Page 23 of Full House


  2. THE PERFORMING ARTS. In this domain, above all others, our best practitioners probably stand closest to right walls of human limitation— especially for any activity involving bodily strength and dexterity that has been practiced with great potential reward (thereby attracting the best candidates for sustained excellence) during a long period of time. I suspect that our very best performers have long stood about as close to the wall as humans are likely to get for several important activities. Consider musical performance on instruments of relatively unchanged design. I doubt that Isaac Stern plays better than Paganini, Vladimir Horowitz than Liszt, or E. Power Biggs than Bach. In some respects, particularly for lost skills and changing sensibilities, we may now be worse off. Can anyone today sing like Farinelli? Can anyone (or, in this case, could anyone) ever play the natural horn (precursor to the difficult, but playable, French horn) without embarrassing errors?

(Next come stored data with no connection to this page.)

(* Let $n\ge p$, $\nu>0$, $\Psi\in\mathbb R^{n\times p}$, and define for $M\in\mathcal V_{n,p}$, $V\in\mathcal V_{p,p}$, $\boldsymbol d\in\mathbb R_+^p$ (with $D=\mathrm{diag}(\boldsymbol d)$) $$g(M,\boldsymbol d,V;\nu,\Psi)=\frac{\mathrm{etr}(\nu VDM^T\Psi)}{\left[{}_0F_1\!\left(\tfrac n2,\tfrac{D^2}{4}\right)\right]^\nu}.$$ (a) If $\|\Psi\|_2<1$, then $\int_{\mathcal V_{n,p}}\int_{\mathcal V_{p,p}}\int_{\mathbb R_+^p} g(M,\boldsymbol d,V;\nu,\Psi)\,d\boldsymbol d\,d\mu(V)\,d\mu(M)<\infty$. (b) If $\|\Psi\|_2>1$, then this integral equals $+\infty$.
   Context: $\mathcal V_{n,p}=\{X\in\mathbb R^{n\times p}:X^TX=I_p\}$; $\mu$ denotes the normalized Haar probability measure on $\mathcal V_{n,p}$ (resp. on $\mathcal V_{p,p}=O(p)$); $d\boldsymbol d$ is Lebesgue measure on $\mathbb R_+^p=(0,\infty)^p$. $\|\cdot\|_2$ is the spectral norm, $\mathrm{etr}(A)=\exp(\mathrm{tr}A)$. For diagonal $D$ with diagonal $\boldsymbol d$, ${}_0F_1\!\left(\tfrac n2,\tfrac{D^2}{4}\right)=\int_{\mathcal V_{n,p}}\exp\big(\sum_j d_jX_{jj}\big)[dX]$. *)

theory Defs
  imports "HOL-Analysis.Analysis" "HOL-Probability.Probability"
begin

text \<open>Stiefel manifold V_{n,p} of n x p matrices with orthonormal columns
  (rows indexed by 'n, columns by 'p). For 'n = 'p this is O(p).\<close>
definition stiefel :: "(real^'p^'n) set" where
  "stiefel = {X. transpose X ** X = mat 1}"

definition haar_stiefel :: "(real^'p^'n) measure \<Rightarrow> bool" where
  "haar_stiefel \<mu> \<longleftrightarrow>
     sets \<mu> = sets borel \<and> prob_space \<mu> \<and> emeasure \<mu> stiefel = 1 \<and>
     (\<forall>Q::real^'n^'n. Q \<in> stiefel \<longrightarrow> distr \<mu> \<mu> (\<lambda>X. Q ** X) = \<mu>)"

definition diagm :: "real^'p \<Rightarrow> real^'p^'p" where
  "diagm d = (\<chi> i j. if i = j then d $ i else 0)"

text \<open>0F1(n/2, D^2/4) = integral over V_{n,p} of exp(sum_j d_j X_{jj}).
  The "diagonal" entries X_{jj} are taken along an injection e of column indices
  into row indices (e j = j in the paper's convention).\<close>
definition hyp0F1 :: "(real^'p^'n) measure \<Rightarrow> ('p \<Rightarrow> 'n) \<Rightarrow> real^'p \<Rightarrow> real" where
  "hyp0F1 \<mu> e d = (\<integral>X. exp (\<Sum>j\<in>UNIV. d $ j * X $ e j $ j) \<partial>\<mu>)"

definition gdens :: "(real^'p^'n) measure \<Rightarrow> ('p \<Rightarrow> 'n) \<Rightarrow> real \<Rightarrow> real^'p^'n
     \<Rightarrow> real^'p^'n \<Rightarrow> real^'p \<Rightarrow> real^'p^'p \<Rightarrow> real" where
  "gdens \<mu> e \<nu> \<Psi> M d V =
     exp (\<nu> * trace (V ** diagm d ** transpose M ** \<Psi>)) / (hyp0F1 \<mu> e d powr \<nu>)"

definition pos_orthant :: "(real^'p) set" where
  "pos_orthant = {d. \<forall>i. 0 < d $ i}"

end

theory Submission
  imports Defs
begin

text \<open>Write the exponent as \<open>\<nu> \<Sigma>\<^sub>j d\<^sub>j a\<^sub>j\<close> with \<open>a\<^sub>j = M\<^sub>j \<bullet> \<Psi> V\<^sub>j\<close> (columns of
  \<open>M\<close> and \<open>V\<close>); by Cauchy-Schwarz \<open>|a\<^sub>j| \<le> \<parallel>\<Psi>\<parallel>\<close>. The normalising constant \<open>0F1\<close> lies
  between \<open>c\<^sub>\<epsilon> exp ((1 - \<epsilon>) \<Sigma> d)\<close> and \<open>exp (\<Sigma> d)\<close>, where \<open>c\<^sub>\<epsilon>\<close> is the Haar measure of
  the matrices whose diagonal entries all exceed \<open>1 - \<epsilon>\<close>; it is positive because Haar measure
  has full support, by compactness of the Stiefel manifold and transitivity of the orthogonal
  group. If \<open>\<parallel>\<Psi>\<parallel> < 1\<close> the integrand is thus dominated by \<open>C exp (- \<nu> \<epsilon> \<Sigma> d)\<close>, which is
  integrable over the orthant. If \<open>\<parallel>\<Psi>\<parallel> > 1\<close>, choose unit vectors \<open>u, v\<close> with
  \<open>u \<bullet> \<Psi> v > 1\<close>: for \<open>(M, V)\<close> in an open set of positive measure, where the \<open>j\<^sub>0\<close>-th columns are
  close to \<open>u\<close> and \<open>v\<close>, one has \<open>a\<^sub>j\<^sub>0 \<ge> 1\<close>, and then the integrand stays above a positive
  constant on the slab \<open>{d. \<forall>j \<noteq> j\<^sub>0. d\<^sub>j \<le> 1}\<close> of infinite volume.\<close>

lemma stiefel_iff_orthonormal_columns:
  "X \<in> stiefel \<longleftrightarrow> (\<forall>i j. column i X \<bullet> column j X = (if i = j then 1 else 0))"
  unfolding stiefel_def matrix_mult_transpose_dot_column by (auto simp: vec_eq_iff mat_def)

lemma norm_column_stiefel: "X \<in> stiefel \<Longrightarrow> norm (column j X) = 1"
  by (simp add: stiefel_iff_orthonormal_columns norm_eq_1)

lemma abs_entry_stiefel_le_1:
  assumes "X \<in> stiefel" shows "\<bar>X $ i $ j\<bar> \<le> 1"
  using component_le_norm_cart[of "column j X" i] norm_column_stiefel[OF assms]
  by (simp add: column_def)

lemma stiefel_square_iff_orthogonal_matrix: "Q \<in> stiefel \<longleftrightarrow> orthogonal_matrix Q"
  by (simp add: stiefel_def orthogonal_matrix)

lemma stiefel_mult: "Q \<in> stiefel \<Longrightarrow> X \<in> stiefel \<Longrightarrow> Q ** X \<in> stiefel"
  unfolding stiefel_def by (simp add: matrix_transpose_mul matrix_mul_assoc)
    (metis matrix_mul_assoc matrix_mul_lid)

lemma column_matrix_mult: "column j (Q ** Y) = Q *v column j Y"
  by (simp add: column_def matrix_matrix_mult_def matrix_vector_mult_def vec_eq_iff)

lemma continuous_on_matrix_mult_left: "continuous_on UNIV (\<lambda>X::real^'p^'n. Q ** X)"
  unfolding matrix_matrix_mult_def by (intro continuous_intros)

lemma compact_stiefel: "compact (stiefel :: (real^'p^'n) set)"
proof -
  have "continuous_on UNIV (\<lambda>X::real^'p^'n. transpose X ** X)"
    unfolding matrix_matrix_mult_def transpose_def by (intro continuous_intros)
  then have "closed (stiefel :: (real^'p^'n) set)"
    unfolding stiefel_def by (intro closed_Collect_eq continuous_intros) auto
  moreover have "norm X \<le> real CARD('n) * real CARD('p)" if X: "X \<in> stiefel" for X :: "real^'p^'n"
  proof -
    have "norm (X $ i) \<le> real CARD('p)" for i
    proof -
      have "norm (X $ i) \<le> (\<Sum>j\<in>UNIV. \<bar>X $ i $ j\<bar>)" by (rule norm_le_l1_cart)
      also have "\<dots> \<le> (\<Sum>j\<in>(UNIV::'p set). 1)" by (intro sum_mono abs_entry_stiefel_le_1 X)
      finally show ?thesis by simp
    qed
    then have "(\<Sum>i\<in>UNIV. norm (X $ i)) \<le> (\<Sum>i\<in>(UNIV::'n set). real CARD('p))"
      by (intro sum_mono)
    moreover have "norm X \<le> (\<Sum>i\<in>UNIV. norm (X $ i))"
      unfolding norm_vec_def by (rule L2_set_le_sum) simp
    ultimately show ?thesis by simp
  qed
  then have "bounded (stiefel :: (real^'p^'n) set)" unfolding bounded_iff by blast
  ultimately show ?thesis by (simp add: compact_eq_bounded_closed)
qed

section \<open>The orthogonal group acts transitively on the Stiefel manifold\<close>

lemma householder_reflection_exists:
  fixes a b :: "'a::real_inner"
  assumes "norm a = 1" "norm b = 1"
  obtains h where "orthogonal_transformation h" "h a = b"
    "\<And>x. (a - b) \<bullet> x = 0 \<Longrightarrow> h x = x"
proof (cases "a = b")
  case True
  then show ?thesis using that[of "\<lambda>x. x"] by auto
next
  case False
  define w where "w = a - b"
  have ww: "w \<bullet> w \<noteq> 0" using False by (simp add: w_def)
  define h where "h x = x - (2 * (w \<bullet> x) / (w \<bullet> w)) *\<^sub>R w" for x
  have "linear h" unfolding h_def
    by (auto simp: linear_iff inner_add_right add_divide_distrib algebra_simps scaleR_add_left)
  moreover have "h v \<bullet> h u = v \<bullet> u" for u v using ww
    unfolding h_def by (simp add: inner_diff_left inner_diff_right inner_commute field_simps power2_eq_square)
  ultimately have "orthogonal_transformation h" by (simp add: orthogonal_transformation_def)
  moreover have "a \<bullet> a = 1" "b \<bullet> b = 1" using assms by (simp_all add: norm_eq_1)
  then have "h a = b" using ww unfolding h_def w_def
    by (simp add: inner_diff_left inner_diff_right inner_commute field_simps)
  ultimately show ?thesis using that by (auto simp: h_def w_def)
qed

lemma orthogonal_transformation_maps_orthonormal_family:
  fixes x y :: "'j \<Rightarrow> 'a::real_inner"
  assumes "finite J"
    and x: "\<And>i j. i \<in> J \<Longrightarrow> j \<in> J \<Longrightarrow> x i \<bullet> x j = (if i = j then 1 else 0)"
    and y: "\<And>i j. i \<in> J \<Longrightarrow> j \<in> J \<Longrightarrow> y i \<bullet> y j = (if i = j then 1 else 0)"
  shows "\<exists>f. orthogonal_transformation f \<and> (\<forall>j\<in>J. f (y j) = x j)"
  using assms
proof (induction J rule: finite_induct)
  case empty
  show ?case by (intro exI[of _ "\<lambda>x. x"]) auto
next
  case (insert k J)
  then obtain f where f: "orthogonal_transformation f" "\<forall>j\<in>J. f (y j) = x j" by auto
  have "norm (f (y k)) = 1" "norm (x k) = 1"
    using f(1) insert.prems by (simp_all add: orthogonal_transformation norm_eq_1)
  then obtain h where h: "orthogonal_transformation h" "h (f (y k)) = x k"
      "\<And>z. (f (y k) - x k) \<bullet> z = 0 \<Longrightarrow> h z = z"
    using householder_reflection_exists by blast
  \<comment> \<open>the reflection fixes the images already placed, as they are orthogonal to \<open>f (y k)\<close> and \<open>x k\<close>\<close>
  have "h (f (y j)) = x j" if "j \<in> J" for j
  proof -
    have "f (y k) \<bullet> x j = 0" "x k \<bullet> x j = 0"
      using f that insert by (metis orthogonal_transformation_def insertCI)+
    then show ?thesis using h(3) f(2) that by (simp add: inner_diff_left)
  qed
  moreover have "orthogonal_transformation (\<lambda>z. h (f z))"
    using orthogonal_transformation_compose[OF h(1) f(1)] by (simp add: o_def)
  ultimately show ?case using h(2) by (intro exI[of _ "\<lambda>z. h (f z)"]) auto
qed

lemma orthogonal_matrix_of_transformation:
  fixes f :: "real^'n \<Rightarrow> real^'n"
  assumes "orthogonal_transformation f"
  shows "orthogonal_matrix (matrix f)" "matrix f *v x = f x"
proof -
  have "linear f" "orthogonal_matrix (matrix f)"
    using assms by (auto simp: orthogonal_transformation_matrix)
  then show "orthogonal_matrix (matrix f)" "matrix f *v x = f x"
    using matrix_works[of f] by (simp_all add: linear_def scalar_mult_eq_scaleR)
qed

  In sports, as discussed in Part Three, some records continue to decline substantially, especially for activities (like women’s track and field) only recently encouraged and honored. But the near stability, or only very slow improvement, in other records indicates a present position close to a limiting right wall.

  And yet, although we stand so close to a wall for many activities in the performing arts, I don’t think that we find the implied limits troubling—for two reasons based on perceptions about the nature of this enterprise held both by performers and spectators.

  First, we don’t demand transcendence in the performing arts. Repetition of maximal excellence is entirely permissible. We don’t expect Pavarotti to sing better every time; and we don’t expect Tony Gwynn to raise his batting average every season. When we thrill to Isaac Stern’s rendition of Beethoven’s violin concerto, we are not bothered by the probability that Paganini played the same piece just as well more than a century ago. Our standards, in other words, are absolute, not relative. Since so few people can ever get there, we honor any performance, at any time, that touches the divine realm of the right wall of human limits. A performer just has to exist in this region; he needn’t improve upon his past perfection, or exceed someone else’s surpassingly rare achievement.

  Second, humans have a remarkable capacity to scale their expectations and excitements to the character of the enterprise. When maximal performance stands about a football field from a wall, only improvements measured in yards will be viewed as impressive. But when the best reside only one millimeter from a wall, even a measurable micron of improvement will send devotees into swoons of rapture.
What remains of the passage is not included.